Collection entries
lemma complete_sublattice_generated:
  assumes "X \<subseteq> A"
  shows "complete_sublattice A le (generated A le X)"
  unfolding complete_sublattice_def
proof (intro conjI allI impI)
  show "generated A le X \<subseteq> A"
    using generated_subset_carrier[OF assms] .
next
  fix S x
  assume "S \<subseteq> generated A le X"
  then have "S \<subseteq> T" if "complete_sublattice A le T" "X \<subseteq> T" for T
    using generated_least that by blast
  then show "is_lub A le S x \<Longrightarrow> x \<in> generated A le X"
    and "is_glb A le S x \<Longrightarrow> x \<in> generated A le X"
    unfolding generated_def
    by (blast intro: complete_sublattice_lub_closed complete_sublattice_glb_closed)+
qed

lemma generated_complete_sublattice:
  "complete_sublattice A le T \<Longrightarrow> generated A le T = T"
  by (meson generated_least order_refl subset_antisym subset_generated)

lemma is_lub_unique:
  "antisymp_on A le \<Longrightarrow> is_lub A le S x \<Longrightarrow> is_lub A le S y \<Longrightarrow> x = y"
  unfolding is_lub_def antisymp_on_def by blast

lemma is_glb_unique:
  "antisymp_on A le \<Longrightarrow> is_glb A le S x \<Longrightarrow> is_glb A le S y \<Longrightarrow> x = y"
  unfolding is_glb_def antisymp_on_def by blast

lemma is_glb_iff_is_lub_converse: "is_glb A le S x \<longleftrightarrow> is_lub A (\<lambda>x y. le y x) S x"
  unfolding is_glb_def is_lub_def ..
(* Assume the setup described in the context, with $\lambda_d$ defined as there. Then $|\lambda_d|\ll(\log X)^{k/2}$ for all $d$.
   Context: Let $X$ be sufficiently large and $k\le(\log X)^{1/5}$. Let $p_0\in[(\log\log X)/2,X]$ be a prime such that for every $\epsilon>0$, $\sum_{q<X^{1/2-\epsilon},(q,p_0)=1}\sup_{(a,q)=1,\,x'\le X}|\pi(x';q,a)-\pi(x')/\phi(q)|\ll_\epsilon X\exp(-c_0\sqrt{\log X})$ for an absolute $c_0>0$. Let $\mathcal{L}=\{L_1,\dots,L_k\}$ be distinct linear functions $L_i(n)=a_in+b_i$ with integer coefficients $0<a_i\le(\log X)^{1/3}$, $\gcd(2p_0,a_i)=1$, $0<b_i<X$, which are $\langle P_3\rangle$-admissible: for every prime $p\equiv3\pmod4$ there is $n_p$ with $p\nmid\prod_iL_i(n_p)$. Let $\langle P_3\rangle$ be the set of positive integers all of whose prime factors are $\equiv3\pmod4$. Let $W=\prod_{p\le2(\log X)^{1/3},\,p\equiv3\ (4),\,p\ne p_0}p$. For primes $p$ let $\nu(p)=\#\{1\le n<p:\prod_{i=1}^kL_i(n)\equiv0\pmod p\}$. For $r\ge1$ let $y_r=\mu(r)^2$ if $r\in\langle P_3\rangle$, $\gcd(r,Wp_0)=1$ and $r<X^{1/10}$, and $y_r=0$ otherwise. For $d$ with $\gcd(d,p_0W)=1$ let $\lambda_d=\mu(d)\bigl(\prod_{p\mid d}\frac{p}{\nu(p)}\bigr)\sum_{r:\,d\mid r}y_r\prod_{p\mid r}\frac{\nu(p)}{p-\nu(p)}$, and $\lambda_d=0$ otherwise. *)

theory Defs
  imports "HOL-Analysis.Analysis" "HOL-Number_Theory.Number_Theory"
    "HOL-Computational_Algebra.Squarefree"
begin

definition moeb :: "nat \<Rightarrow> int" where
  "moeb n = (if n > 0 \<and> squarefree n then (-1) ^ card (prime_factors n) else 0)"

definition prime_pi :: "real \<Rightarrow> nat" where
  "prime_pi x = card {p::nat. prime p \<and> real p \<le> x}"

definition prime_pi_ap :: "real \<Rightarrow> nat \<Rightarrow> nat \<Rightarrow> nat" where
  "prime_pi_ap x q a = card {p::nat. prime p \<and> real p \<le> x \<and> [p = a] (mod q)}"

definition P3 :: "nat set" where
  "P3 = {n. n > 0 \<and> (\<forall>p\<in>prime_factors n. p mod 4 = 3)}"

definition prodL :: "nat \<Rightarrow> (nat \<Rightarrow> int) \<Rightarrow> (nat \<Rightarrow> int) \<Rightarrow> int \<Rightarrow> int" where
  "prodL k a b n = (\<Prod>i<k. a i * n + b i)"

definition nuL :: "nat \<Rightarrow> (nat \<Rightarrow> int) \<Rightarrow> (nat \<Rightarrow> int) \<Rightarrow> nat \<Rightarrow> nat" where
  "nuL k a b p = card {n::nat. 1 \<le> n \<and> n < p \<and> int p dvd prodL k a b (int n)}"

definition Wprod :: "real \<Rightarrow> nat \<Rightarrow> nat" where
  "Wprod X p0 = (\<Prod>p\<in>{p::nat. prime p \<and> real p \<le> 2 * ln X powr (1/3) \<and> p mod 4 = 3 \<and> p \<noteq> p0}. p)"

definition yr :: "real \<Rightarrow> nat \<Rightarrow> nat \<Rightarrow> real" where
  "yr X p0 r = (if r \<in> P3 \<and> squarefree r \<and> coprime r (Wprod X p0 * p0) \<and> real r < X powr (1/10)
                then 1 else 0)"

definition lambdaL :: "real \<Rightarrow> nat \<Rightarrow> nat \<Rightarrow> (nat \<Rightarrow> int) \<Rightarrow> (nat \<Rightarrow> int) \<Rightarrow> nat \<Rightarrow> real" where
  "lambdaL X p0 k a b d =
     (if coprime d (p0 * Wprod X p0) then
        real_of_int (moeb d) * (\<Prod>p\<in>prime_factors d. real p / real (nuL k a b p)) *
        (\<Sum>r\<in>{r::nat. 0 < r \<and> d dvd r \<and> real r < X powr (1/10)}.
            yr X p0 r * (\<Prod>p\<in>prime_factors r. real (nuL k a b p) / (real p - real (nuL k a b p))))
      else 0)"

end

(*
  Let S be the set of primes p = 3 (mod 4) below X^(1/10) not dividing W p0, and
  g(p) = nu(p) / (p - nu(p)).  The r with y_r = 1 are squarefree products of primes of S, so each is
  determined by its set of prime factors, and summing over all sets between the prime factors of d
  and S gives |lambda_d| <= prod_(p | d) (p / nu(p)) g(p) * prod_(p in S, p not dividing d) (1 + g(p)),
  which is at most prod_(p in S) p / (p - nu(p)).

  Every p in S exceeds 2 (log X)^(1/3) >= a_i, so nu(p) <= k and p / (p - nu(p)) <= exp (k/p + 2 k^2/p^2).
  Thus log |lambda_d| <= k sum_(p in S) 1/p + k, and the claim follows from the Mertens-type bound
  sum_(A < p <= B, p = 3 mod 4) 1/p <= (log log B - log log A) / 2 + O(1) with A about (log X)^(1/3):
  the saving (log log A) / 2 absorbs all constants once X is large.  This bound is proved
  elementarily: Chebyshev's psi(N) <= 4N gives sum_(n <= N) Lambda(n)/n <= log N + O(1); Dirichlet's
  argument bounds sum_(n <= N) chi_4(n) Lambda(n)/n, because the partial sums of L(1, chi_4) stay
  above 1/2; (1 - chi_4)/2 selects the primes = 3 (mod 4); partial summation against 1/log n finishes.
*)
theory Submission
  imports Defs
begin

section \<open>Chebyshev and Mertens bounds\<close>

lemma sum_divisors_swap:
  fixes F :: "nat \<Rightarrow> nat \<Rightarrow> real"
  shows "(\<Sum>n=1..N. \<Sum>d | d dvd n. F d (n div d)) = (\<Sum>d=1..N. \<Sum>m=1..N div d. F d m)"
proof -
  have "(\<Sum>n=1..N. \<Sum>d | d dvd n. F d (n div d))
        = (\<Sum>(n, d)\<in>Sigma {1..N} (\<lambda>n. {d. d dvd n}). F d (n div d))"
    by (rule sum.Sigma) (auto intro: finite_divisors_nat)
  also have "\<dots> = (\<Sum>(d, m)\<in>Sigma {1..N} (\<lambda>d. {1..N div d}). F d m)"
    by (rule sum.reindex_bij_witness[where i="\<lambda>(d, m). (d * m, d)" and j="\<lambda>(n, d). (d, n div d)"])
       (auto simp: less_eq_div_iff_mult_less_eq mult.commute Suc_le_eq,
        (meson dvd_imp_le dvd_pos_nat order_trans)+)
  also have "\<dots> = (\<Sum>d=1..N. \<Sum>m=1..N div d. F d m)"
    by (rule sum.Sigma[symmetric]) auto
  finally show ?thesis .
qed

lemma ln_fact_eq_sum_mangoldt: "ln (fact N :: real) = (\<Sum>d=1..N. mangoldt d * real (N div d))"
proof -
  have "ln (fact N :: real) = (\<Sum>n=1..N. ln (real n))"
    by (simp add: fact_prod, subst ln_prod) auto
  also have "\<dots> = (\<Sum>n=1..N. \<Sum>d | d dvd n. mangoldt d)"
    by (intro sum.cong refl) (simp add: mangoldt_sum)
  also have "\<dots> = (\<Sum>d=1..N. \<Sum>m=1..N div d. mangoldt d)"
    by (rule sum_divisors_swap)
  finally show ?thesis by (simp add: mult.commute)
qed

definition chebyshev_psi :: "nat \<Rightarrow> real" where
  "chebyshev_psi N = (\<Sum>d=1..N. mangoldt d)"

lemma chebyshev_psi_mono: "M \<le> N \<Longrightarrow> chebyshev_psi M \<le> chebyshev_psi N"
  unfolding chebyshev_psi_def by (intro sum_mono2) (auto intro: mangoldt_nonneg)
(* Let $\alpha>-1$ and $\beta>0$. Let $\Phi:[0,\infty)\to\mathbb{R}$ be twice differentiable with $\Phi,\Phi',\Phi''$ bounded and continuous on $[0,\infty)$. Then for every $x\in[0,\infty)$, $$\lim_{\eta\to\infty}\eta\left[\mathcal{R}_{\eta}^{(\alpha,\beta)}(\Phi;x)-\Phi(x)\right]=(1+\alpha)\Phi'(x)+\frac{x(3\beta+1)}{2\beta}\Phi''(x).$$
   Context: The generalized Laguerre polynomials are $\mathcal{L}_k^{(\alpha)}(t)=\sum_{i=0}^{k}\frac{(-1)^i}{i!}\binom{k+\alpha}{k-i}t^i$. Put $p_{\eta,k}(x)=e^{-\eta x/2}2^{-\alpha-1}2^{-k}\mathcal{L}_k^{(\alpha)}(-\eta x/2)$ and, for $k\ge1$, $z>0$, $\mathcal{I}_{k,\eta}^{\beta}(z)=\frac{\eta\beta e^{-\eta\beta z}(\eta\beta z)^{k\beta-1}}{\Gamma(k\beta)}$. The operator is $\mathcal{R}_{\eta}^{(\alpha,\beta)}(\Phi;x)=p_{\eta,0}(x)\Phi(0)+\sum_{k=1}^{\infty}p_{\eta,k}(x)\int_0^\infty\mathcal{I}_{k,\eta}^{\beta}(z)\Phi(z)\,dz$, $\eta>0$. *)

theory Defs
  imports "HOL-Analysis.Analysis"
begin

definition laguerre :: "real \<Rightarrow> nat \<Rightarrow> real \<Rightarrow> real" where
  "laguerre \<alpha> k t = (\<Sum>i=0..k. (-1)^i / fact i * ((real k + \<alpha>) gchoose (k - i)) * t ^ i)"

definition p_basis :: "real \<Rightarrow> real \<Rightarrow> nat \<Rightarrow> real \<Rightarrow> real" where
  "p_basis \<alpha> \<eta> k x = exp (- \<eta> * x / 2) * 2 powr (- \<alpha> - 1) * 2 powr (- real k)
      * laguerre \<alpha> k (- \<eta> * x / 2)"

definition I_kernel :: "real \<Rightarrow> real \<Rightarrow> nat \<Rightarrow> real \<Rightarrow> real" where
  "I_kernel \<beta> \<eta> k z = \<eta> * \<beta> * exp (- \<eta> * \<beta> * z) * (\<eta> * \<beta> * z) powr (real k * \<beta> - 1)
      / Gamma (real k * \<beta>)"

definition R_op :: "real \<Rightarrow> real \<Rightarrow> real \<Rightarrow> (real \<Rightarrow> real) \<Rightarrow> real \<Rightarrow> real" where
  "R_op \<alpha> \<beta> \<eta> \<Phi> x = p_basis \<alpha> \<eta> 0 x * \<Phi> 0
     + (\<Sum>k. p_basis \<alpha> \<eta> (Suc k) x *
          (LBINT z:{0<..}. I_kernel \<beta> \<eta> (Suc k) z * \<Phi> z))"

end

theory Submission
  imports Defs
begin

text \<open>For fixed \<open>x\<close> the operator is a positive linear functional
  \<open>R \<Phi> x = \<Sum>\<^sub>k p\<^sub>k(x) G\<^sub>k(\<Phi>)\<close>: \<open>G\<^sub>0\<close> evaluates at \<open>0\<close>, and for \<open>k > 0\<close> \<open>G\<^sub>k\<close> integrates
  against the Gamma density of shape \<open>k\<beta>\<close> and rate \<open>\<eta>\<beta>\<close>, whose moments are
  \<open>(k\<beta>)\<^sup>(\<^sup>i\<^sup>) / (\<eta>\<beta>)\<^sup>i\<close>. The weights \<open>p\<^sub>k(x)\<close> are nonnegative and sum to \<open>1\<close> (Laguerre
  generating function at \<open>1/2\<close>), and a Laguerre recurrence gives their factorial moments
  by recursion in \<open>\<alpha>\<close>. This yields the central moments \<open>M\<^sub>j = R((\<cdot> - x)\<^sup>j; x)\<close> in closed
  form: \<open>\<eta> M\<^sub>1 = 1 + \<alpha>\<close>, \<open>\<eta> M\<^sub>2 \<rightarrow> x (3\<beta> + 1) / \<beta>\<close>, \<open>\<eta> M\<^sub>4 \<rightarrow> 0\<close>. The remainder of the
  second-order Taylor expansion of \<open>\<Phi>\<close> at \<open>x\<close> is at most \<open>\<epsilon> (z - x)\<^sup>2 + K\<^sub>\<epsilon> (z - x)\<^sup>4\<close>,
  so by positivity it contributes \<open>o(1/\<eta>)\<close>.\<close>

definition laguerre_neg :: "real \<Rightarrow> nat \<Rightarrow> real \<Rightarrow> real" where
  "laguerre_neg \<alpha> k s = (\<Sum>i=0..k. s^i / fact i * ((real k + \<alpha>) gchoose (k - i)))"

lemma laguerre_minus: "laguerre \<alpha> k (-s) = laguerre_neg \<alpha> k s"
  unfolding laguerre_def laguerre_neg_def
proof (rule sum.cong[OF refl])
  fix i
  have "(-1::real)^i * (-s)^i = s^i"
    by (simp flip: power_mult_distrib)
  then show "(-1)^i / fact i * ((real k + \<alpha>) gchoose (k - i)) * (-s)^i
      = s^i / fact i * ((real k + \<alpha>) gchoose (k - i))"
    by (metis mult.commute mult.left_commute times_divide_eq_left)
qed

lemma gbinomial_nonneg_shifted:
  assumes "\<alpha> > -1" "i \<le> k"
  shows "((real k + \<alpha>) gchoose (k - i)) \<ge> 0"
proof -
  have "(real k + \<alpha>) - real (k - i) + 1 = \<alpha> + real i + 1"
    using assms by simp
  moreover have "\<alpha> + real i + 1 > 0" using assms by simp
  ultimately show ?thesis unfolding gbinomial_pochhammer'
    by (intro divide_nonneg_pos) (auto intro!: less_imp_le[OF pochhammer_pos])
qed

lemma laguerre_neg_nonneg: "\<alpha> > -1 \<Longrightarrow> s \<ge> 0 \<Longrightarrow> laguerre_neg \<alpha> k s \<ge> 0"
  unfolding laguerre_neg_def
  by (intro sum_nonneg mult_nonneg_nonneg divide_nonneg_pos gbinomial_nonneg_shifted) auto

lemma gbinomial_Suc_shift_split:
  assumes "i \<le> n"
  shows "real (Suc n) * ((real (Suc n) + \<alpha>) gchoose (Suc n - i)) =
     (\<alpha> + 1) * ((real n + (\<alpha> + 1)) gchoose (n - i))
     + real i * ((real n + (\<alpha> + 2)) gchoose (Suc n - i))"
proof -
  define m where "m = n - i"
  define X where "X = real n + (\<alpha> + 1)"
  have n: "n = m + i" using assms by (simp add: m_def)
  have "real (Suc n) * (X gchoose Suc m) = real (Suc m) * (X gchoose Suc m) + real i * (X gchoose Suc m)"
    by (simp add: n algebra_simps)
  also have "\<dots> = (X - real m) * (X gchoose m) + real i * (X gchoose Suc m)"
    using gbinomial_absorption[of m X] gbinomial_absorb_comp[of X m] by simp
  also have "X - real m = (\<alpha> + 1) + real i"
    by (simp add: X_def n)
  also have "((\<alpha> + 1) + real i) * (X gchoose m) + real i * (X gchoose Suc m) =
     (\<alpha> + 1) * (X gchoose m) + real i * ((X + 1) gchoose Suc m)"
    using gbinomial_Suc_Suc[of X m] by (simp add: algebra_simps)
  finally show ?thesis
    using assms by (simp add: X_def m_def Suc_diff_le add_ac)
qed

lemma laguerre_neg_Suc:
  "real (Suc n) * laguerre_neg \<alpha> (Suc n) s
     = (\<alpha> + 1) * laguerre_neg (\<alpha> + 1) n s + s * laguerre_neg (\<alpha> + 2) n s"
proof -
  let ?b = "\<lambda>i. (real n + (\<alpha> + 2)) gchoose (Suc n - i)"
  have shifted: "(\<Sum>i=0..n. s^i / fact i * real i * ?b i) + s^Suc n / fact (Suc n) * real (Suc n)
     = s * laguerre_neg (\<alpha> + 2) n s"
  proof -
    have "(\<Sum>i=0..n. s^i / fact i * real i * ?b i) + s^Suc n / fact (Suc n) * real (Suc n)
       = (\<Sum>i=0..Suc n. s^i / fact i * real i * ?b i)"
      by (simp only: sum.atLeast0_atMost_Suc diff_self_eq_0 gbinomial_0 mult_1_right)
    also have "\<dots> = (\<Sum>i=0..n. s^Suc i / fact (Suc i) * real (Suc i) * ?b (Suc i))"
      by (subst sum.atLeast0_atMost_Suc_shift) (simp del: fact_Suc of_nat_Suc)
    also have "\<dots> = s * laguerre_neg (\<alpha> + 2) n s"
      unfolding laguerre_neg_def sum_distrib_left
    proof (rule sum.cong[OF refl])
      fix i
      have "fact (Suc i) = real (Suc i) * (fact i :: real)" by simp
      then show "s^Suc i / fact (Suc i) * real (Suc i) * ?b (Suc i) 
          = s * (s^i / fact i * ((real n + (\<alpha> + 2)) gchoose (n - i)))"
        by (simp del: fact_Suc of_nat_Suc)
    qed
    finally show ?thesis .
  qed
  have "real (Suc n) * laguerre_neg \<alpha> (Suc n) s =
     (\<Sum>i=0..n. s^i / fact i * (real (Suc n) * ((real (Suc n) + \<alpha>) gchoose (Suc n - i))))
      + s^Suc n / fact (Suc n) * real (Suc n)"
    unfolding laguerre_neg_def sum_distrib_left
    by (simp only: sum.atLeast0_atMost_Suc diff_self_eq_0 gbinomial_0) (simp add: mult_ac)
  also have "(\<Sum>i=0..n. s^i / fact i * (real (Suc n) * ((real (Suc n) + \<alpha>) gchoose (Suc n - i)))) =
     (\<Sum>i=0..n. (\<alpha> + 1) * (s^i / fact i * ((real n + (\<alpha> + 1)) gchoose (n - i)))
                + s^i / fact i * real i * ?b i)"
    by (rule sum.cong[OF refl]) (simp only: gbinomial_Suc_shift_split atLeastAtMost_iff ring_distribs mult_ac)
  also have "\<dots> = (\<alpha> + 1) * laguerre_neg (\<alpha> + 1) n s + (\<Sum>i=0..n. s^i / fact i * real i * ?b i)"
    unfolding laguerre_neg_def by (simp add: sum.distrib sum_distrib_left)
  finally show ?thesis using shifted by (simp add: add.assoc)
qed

* _To do_:
The job here is to find each line above with the word "beta" and copy it.

* _Written solution_:
(* Let $\alpha>-1$ and $\beta>0$. Let $\Phi:[0,\infty)\to\mathbb{R}$ be twice differentiable with $\Phi,\Phi',\Phi''$ bounded and continuous on $[0,\infty)$. Then for every $x\in[0,\infty)$, $$\lim_{\eta\to\infty}\eta\left[\mathcal{R}_{\eta}^{(\alpha,\beta)}(\Phi;x)-\Phi(x)\right]=(1+\alpha)\Phi'(x)+\frac{x(3\beta+1)}{2\beta}\Phi''(x).$$
   Context: The generalized Laguerre polynomials are $\mathcal{L}_k^{(\alpha)}(t)=\sum_{i=0}^{k}\frac{(-1)^i}{i!}\binom{k+\alpha}{k-i}t^i$. Put $p_{\eta,k}(x)=e^{-\eta x/2}2^{-\alpha-1}2^{-k}\mathcal{L}_k^{(\alpha)}(-\eta x/2)$ and, for $k\ge1$, $z>0$, $\mathcal{I}_{k,\eta}^{\beta}(z)=\frac{\eta\beta e^{-\eta\beta z}(\eta\beta z)^{k\beta-1}}{\Gamma(k\beta)}$. The operator is $\mathcal{R}_{\eta}^{(\alpha,\beta)}(\Phi;x)=p_{\eta,0}(x)\Phi(0)+\sum_{k=1}^{\infty}p_{\eta,k}(x)\int_0^\infty\mathcal{I}_{k,\eta}^{\beta}(z)\Phi(z)\,dz$, $\eta>0$. *)
  "I_kernel \<beta> \<eta> k z = \<eta> * \<beta> * exp (- \<eta> * \<beta> * z) * (\<eta> * \<beta> * z) powr (real k * \<beta> - 1)
      / Gamma (real k * \<beta>)"
  "R_op \<alpha> \<beta> \<eta> \<Phi> x = p_basis \<alpha> \<eta> 0 x * \<Phi> 0
          (LBINT z:{0<..}. I_kernel \<beta> \<eta> (Suc k) z * \<Phi> z))"
  against the Gamma density of shape \<open>k\<beta>\<close> and rate \<open>\<eta>\<beta>\<close>, whose moments are
  \<open>(k\<beta>)\<^sup>(\<^sup>i\<^sup>) / (\<eta>\<beta>)\<^sup>i\<close>. The weights \<open>p\<^sub>k(x)\<close> are nonnegative and sum to \<open>1\<close> (Laguerre
  form: \<open>\<eta> M\<^sub>1 = 1 + \<alpha>\<close>, \<open>\<eta> M\<^sub>2 \<rightarrow> x (3\<beta> + 1) / \<beta>\<close>, \<open>\<eta> M\<^sub>4 \<rightarrow> 0\<close>. The remainder of the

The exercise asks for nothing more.